Determine the number of lines in the data that contain "symmetric". Answer with that number only.
_ _ _ _
lemma (in information_space) entropy_restrict_submodular:
  assumes "simple_function M V"
  shows "\<H>(\<lambda>\<omega>. restrict (V \<omega>) C) + \<H>(\<lambda>\<omega>. restrict (V \<omega>) (A \<union> B \<union> C))
       \<le> \<H>(\<lambda>\<omega>. restrict (V \<omega>) (A \<union> C)) + \<H>(\<lambda>\<omega>. restrict (V \<omega>) (B \<union> C))"
  using entropy_submodular[OF simple_function_compose1[OF assms, of "\<lambda>h. restrict h A"]
      simple_function_compose1[OF assms, of "\<lambda>h. restrict h B"]
      simple_function_compose1[OF assms, of "\<lambda>h. restrict h C"]]
  unfolding entropy_restrict_pair[OF assms] entropy_restrict_triple[OF assms] .

lemma base_digits_unique:
  fixes a a' :: "nat \<Rightarrow> nat"
  assumes "\<forall>n<m. a n < d" and "\<forall>n<m. a' n < d"
    and "(\<Sum>n<m. d ^ n * a n) = (\<Sum>n<m. d ^ n * a' n)"
  shows "\<forall>n<m. a n = a' n"
  using assms
proof (induction m arbitrary: a a')
  case 0
  then show ?case by simp
next
  case (Suc m)
  have shift: "(\<Sum>n<Suc m. d ^ n * f n) = f 0 + d * (\<Sum>n<m. d ^ n * f (Suc n))" for f :: "nat \<Rightarrow> nat"
    by (simp only: sum.lessThan_Suc_shift power_Suc power_0 mult_1 mult.assoc sum_distrib_left)
  have "a 0 < d" "a' 0 < d"
    using Suc.prems by auto
  have eq: "a 0 + d * (\<Sum>n<m. d ^ n * a (Suc n)) = a' 0 + d * (\<Sum>n<m. d ^ n * a' (Suc n))"
    using Suc.prems(3) unfolding shift .
  then have "(a 0 + d * (\<Sum>n<m. d ^ n * a (Suc n))) mod d = (a' 0 + d * (\<Sum>n<m. d ^ n * a' (Suc n))) mod d"
    by simp
  then have "a 0 = a' 0"
    using \<open>a 0 < d\<close> \<open>a' 0 < d\<close> by simp
  with eq have tail: "(\<Sum>n<m. d ^ n * a (Suc n)) = (\<Sum>n<m. d ^ n * a' (Suc n))"
    using \<open>a 0 < d\<close> by simp
  have "\<forall>n<m. a (Suc n) < d" "\<forall>n<m. a' (Suc n) < d"
    using Suc.prems(1,2) by auto
  then have "\<forall>n<m. a (Suc n) = a' (Suc n)"
    using tail by (rule Suc.IH)
  with \<open>a 0 = a' 0\<close> show ?case
    by (auto simp: less_Suc_eq_0_disj)
qed

lemma bijective_base_digits_unique:
  fixes a a' :: "nat \<Rightarrow> nat"
  assumes "\<forall>n<m. a n \<in> {1..d}" and "\<forall>n<m. a' n \<in> {1..d}"
    and "(\<Sum>n<m. d ^ n * a n) = (\<Sum>n<m. d ^ n * a' n)"
  shows "\<forall>n<m. a n = a' n"
proof -
  have shift: "(\<Sum>n<m. d ^ n * f n) = (\<Sum>n<m. d ^ n * (f n - 1)) + (\<Sum>n<m. d ^ n)"
    if "\<forall>n<m. f n \<in> {1..d}" for f
  proof -
    have "d ^ n * f n = d ^ n * (f n - 1) + d ^ n" if "1 \<le> f n" for n
      using le_add_diff_inverse2[OF that] by (metis distrib_left mult.right_neutral)
    with that show ?thesis
      by (simp add: sum.distrib[symmetric])
  qed
  have "(\<Sum>n<m. d ^ n * (a n - 1)) = (\<Sum>n<m. d ^ n * (a' n - 1))"
    using assms(3) shift[OF assms(1)] shift[OF assms(2)] by linarith
  then have "\<forall>n<m. a n - 1 = a' n - 1"
    using assms(1,2) by (intro base_digits_unique) auto
  show ?thesis
  proof (intro allI impI)
    fix n assume "n < m"
    then have "a n - 1 = a' n - 1" "1 \<le> a n" "1 \<le> a' n"
      using \<open>\<forall>n<m. a n - 1 = a' n - 1\<close> assms(1,2) by auto
    then show "a n = a' n"
      by linarith
  qed
qed

lemma inj_on_bijective_base_encoding:
  fixes d :: nat
  assumes "finite C"
  shows "inj_on (\<lambda>v. \<Sum>n<card C. d ^ n * v (sorted_list_of_set C ! n)) (\<Pi>\<^sub>E c\<in>C. {1..d})"
proof (rule inj_onI)
  let ?c = "\<lambda>n. sorted_list_of_set C ! n"
  fix v w assume v: "v \<in> (\<Pi>\<^sub>E c\<in>C. {1..d})" and w: "w \<in> (\<Pi>\<^sub>E c\<in>C. {1..d})"
    and eq: "(\<Sum>n<card C. d ^ n * v (?c n)) = (\<Sum>n<card C. d ^ n * w (?c n))"
  have c_in_C: "?c n \<in> C" if "n < card C" for n
    using assms that nth_mem[of n "sorted_list_of_set C"] by simp
  have "\<forall>n<card C. v (?c n) \<in> {1..d}" "\<forall>n<card C. w (?c n) \<in> {1..d}"
    using v w c_in_C by (auto simp: PiE_iff)
  then have "\<forall>n<card C. v (?c n) = w (?c n)"
    using eq by (rule bijective_base_digits_unique)
  then have "\<forall>c\<in>C. v c = w c"
    using assms by (metis in_set_conv_nth sorted_list_of_set.length_sorted_key_list_of_set
        sorted_list_of_set.set_sorted_key_list_of_set)
  with v w show "v = w"
    by (auto intro: PiE_ext)
qed

definition cg_counts :: "(nat \<Rightarrow> nat) \<Rightarrow> ('n \<Rightarrow> nat) \<Rightarrow> ('a \<Rightarrow> 'n spike_train) \<Rightarrow> nat set \<Rightarrow> 'a \<Rightarrow> nat \<Rightarrow> nat"
  where "cg_counts \<Theta> kpop S C \<omega> = restrict (\<lambda>c. \<Theta> (pop_count kpop c (S \<omega>))) C"

lemma restrict_cg_counts: "D \<subseteq> C \<Longrightarrow> restrict (cg_counts \<Theta> kpop S C \<omega>) D = cg_counts \<Theta> kpop S D \<omega>"
  by (simp add: cg_counts_def Int_absorb1)

lemma cg_counts_in_PiE: "\<forall>n. \<Theta> n \<in> {1..d} \<Longrightarrow> cg_counts \<Theta> kpop S C \<omega> \<in> (\<Pi>\<^sub>E c\<in>C. {1..d})"
  by (simp add: cg_counts_def)

lemma simple_function_cg_counts:
  assumes \<Theta>: "\<forall>n. \<Theta> n \<in> {1..d}"
    and meas: "\<forall>c. (\<lambda>\<omega>. pop_count kpop c (S \<omega>)) \<in> measurable M (count_space UNIV)"
    and "finite C"
  shows "simple_function M (cg_counts \<Theta> kpop S C)"
  using \<open>finite C\<close>
proof induction
  case empty
  then show ?case
    by (simp add: cg_counts_def)
next
  case (insert c C)
  have "simple_function M (\<lambda>\<omega>. \<Theta> (pop_count kpop c (S \<omega>)))"
    unfolding simple_function_eq_measurable
    using \<Theta> meas by (auto intro: finite_subset[of _ "{1..d}"] measurable_compose)
  then have "simple_function M (\<lambda>\<omega>. (cg_counts \<Theta> kpop S C \<omega>)(c := \<Theta> (pop_count kpop c (S \<omega>))))"
    by (rule simple_function_compose2[OF insert.IH, where h = "\<lambda>v y. v(c := y)"])
  moreover have "cg_counts \<Theta> kpop S (insert c C)
      = (\<lambda>\<omega>. (cg_counts \<Theta> kpop S C \<omega>)(c := \<Theta> (pop_count kpop c (S \<omega>))))"
    by (auto simp: cg_counts_def fun_eq_iff)
  ultimately show ?case
    by (simp only:)
qed

lemma (in information_space) cg_entropy_eq_entropy:
  assumes \<Theta>: "\<forall>n. \<Theta> n \<in> {1..d}"
    and meas: "\<forall>c. (\<lambda>\<omega>. pop_count kpop c (S \<omega>)) \<in> measurable M (count_space UNIV)"
    and "finite C"
  shows "cg_entropy M S d \<Theta> kpop C = ln b * \<H>(cg_counts \<Theta> kpop S C)"
proof -
  let ?V = "cg_counts \<Theta> kpop S C" and ?c = "\<lambda>n. sorted_list_of_set C ! n"
  define enc where "enc v = (\<Sum>n<card C. d ^ n * v (?c n))" for v :: "nat \<Rightarrow> nat"
  have c_in_C: "?c n \<in> C" if "n < card C" for n
    using \<open>finite C\<close> that nth_mem[of n "sorted_list_of_set C"] by simp
  have zeta: "zeta d \<Theta> kpop C (S \<omega>) = (enc \<circ> ?V) \<omega>" for \<omega>
    by (auto simp: zeta_def enc_def cg_counts_def c_in_C intro!: sum.cong)
  have inj: "inj_on enc (\<Pi>\<^sub>E c\<in>C. {1..d})"
    unfolding enc_def using \<open>finite C\<close> by (rule inj_on_bijective_base_encoding)
  have V: "simple_function M ?V"
    using \<Theta> meas \<open>finite C\<close> by (rule simple_function_cg_counts)
  have "cg_entropy M S d \<Theta> kpop C = - (\<Sum>x\<in>(enc \<circ> ?V) ` space M.
      prob ((enc \<circ> ?V) -` {x} \<inter> space M) * ln (prob ((enc \<circ> ?V) -` {x} \<inter> space M)))"
    by (simp add: cg_entropy_def zeta vimage_def Int_def conj_commute)
  also have "\<dots> = ln b * - (\<Sum>x\<in>(enc \<circ> ?V) ` space M.
      prob ((enc \<circ> ?V) -` {x} \<inter> space M) * log b (prob ((enc \<circ> ?V) -` {x} \<inter> space M)))"
    using b_gt_1 by (simp add: log_def sum_distrib_left)
  also have "\<dots> = ln b * \<H>(enc \<circ> ?V)"
    using entropy_simple_function[OF simple_function_compose[OF V, of enc]] by simp
  also have "\<H>(enc \<circ> ?V) = \<H>(?V)"
    using V inj_on_subset[OF inj image_subsetI[OF cg_counts_in_PiE[OF \<Theta>]]] by (rule entropy_of_inj)
  finally show ?thesis .
qed

lemma (in information_space) cg_entropy_submodular:
  assumes \<Theta>: "\<forall>n. \<Theta> n \<in> {1..d}"
    and meas: "\<forall>c. (\<lambda>\<omega>. pop_count kpop c (S \<omega>)) \<in> measurable M (count_space UNIV)"
    and fin: "finite A" "finite B" "finite C"
  shows "cg_entropy M S d \<Theta> kpop C + cg_entropy M S d \<Theta> kpop (A \<union> B \<union> C)
       \<le> cg_entropy M S d \<Theta> kpop (A \<union> C) + cg_entropy M S d \<Theta> kpop (B \<union> C)"
proof -
  let ?U = "A \<union> B \<union> C"
  have "simple_function M (cg_counts \<Theta> kpop S ?U)"
    using \<Theta> meas by (rule simple_function_cg_counts) (use fin in simp)
  moreover have "C \<subseteq> ?U" "A \<union> C \<subseteq> ?U" "B \<union> C \<subseteq> ?U"
    by auto
  ultimately have "\<H>(cg_counts \<Theta> kpop S C) + \<H>(cg_counts \<Theta> kpop S ?U)
      \<le> \<H>(cg_counts \<Theta> kpop S (A \<union> C)) + \<H>(cg_counts \<Theta> kpop S (B \<union> C))"
    using entropy_restrict_submodular[of "cg_counts \<Theta> kpop S ?U" C A B]
    by (simp only: restrict_cg_counts subset_refl)
  with b_gt_1 show ?thesis
    using fin by (simp add: cg_entropy_eq_entropy[OF \<Theta> meas] distrib_left[symmetric])
qed

lemma MI3_le_MI2:
  assumes "H C + H (A \<union> B \<union> C) \<le> H (A \<union> C) + H (B \<union> C)"
  shows "MI3 H A B C \<le> MI2 H A B"
  using assms unfolding MI3_def MI2_def by linarith

lemma degeneracy_le_complexity:
  assumes "\<And>A B. A \<subseteq> I \<Longrightarrow> B \<subseteq> I \<Longrightarrow> H Out + H (A \<union> B \<union> Out) \<le> H (A \<union> Out) + H (B \<union> Out)"
  shows "degeneracy H I Out \<le> complexity H I Out"
  unfolding degeneracy_def complexity_def
  by (intro sum_mono mult_left_mono MI3_le_MI2 assms) auto

theorem theorem5p3:
  fixes M :: "'a measure"
    and S :: "'a \<Rightarrow> 'n spike_train"
    and kpop :: "'n \<Rightarrow> nat"
    and \<Theta> :: "nat \<Rightarrow> nat"
    and K d :: nat and T :: real
    and I Out :: "nat set"
  assumes "prob_space M"
    and "T > 0"
    and "\<forall>n. \<Theta> n \<in> {1..d}"
    and "\<forall>\<xi>. kpop \<xi> \<in> {1..K}"
    and "\<forall>\<omega> \<in> space M. \<forall>(t, \<xi>) \<in> set (S \<omega>). 0 \<le> t \<and> t < T"
    and "\<forall>c. (\<lambda>\<omega>. pop_count kpop c (S \<omega>)) \<in> measurable M (count_space UNIV)"
    and "I \<subseteq> {1..K}" and "Out \<subseteq> {1..K}" and "I \<inter> Out = {}"
  shows "degeneracy (cg_entropy M S d \<Theta> kpop) I Out
           \<le> complexity (cg_entropy M S d \<Theta> kpop) I Out"
proof -
  \<comment> \<open>Only the range of \<Theta> (injectivity of zeta) and measurability are used: the inequality
    holds for any random spike train, and I, Out need not be disjoint.\<close>
  interpret prob_space M by fact
  interpret information_space M "exp 1" by standard simp
  have "finite I" "finite Out"
    using assms(7,8) by (auto intro: finite_subset)
  then show ?thesis
    by (intro degeneracy_le_complexity cg_entropy_submodular[OF assms(3,6)]) (auto intro: finite_subset)
qed

end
_ _ _ _
Solution for this problem >> 2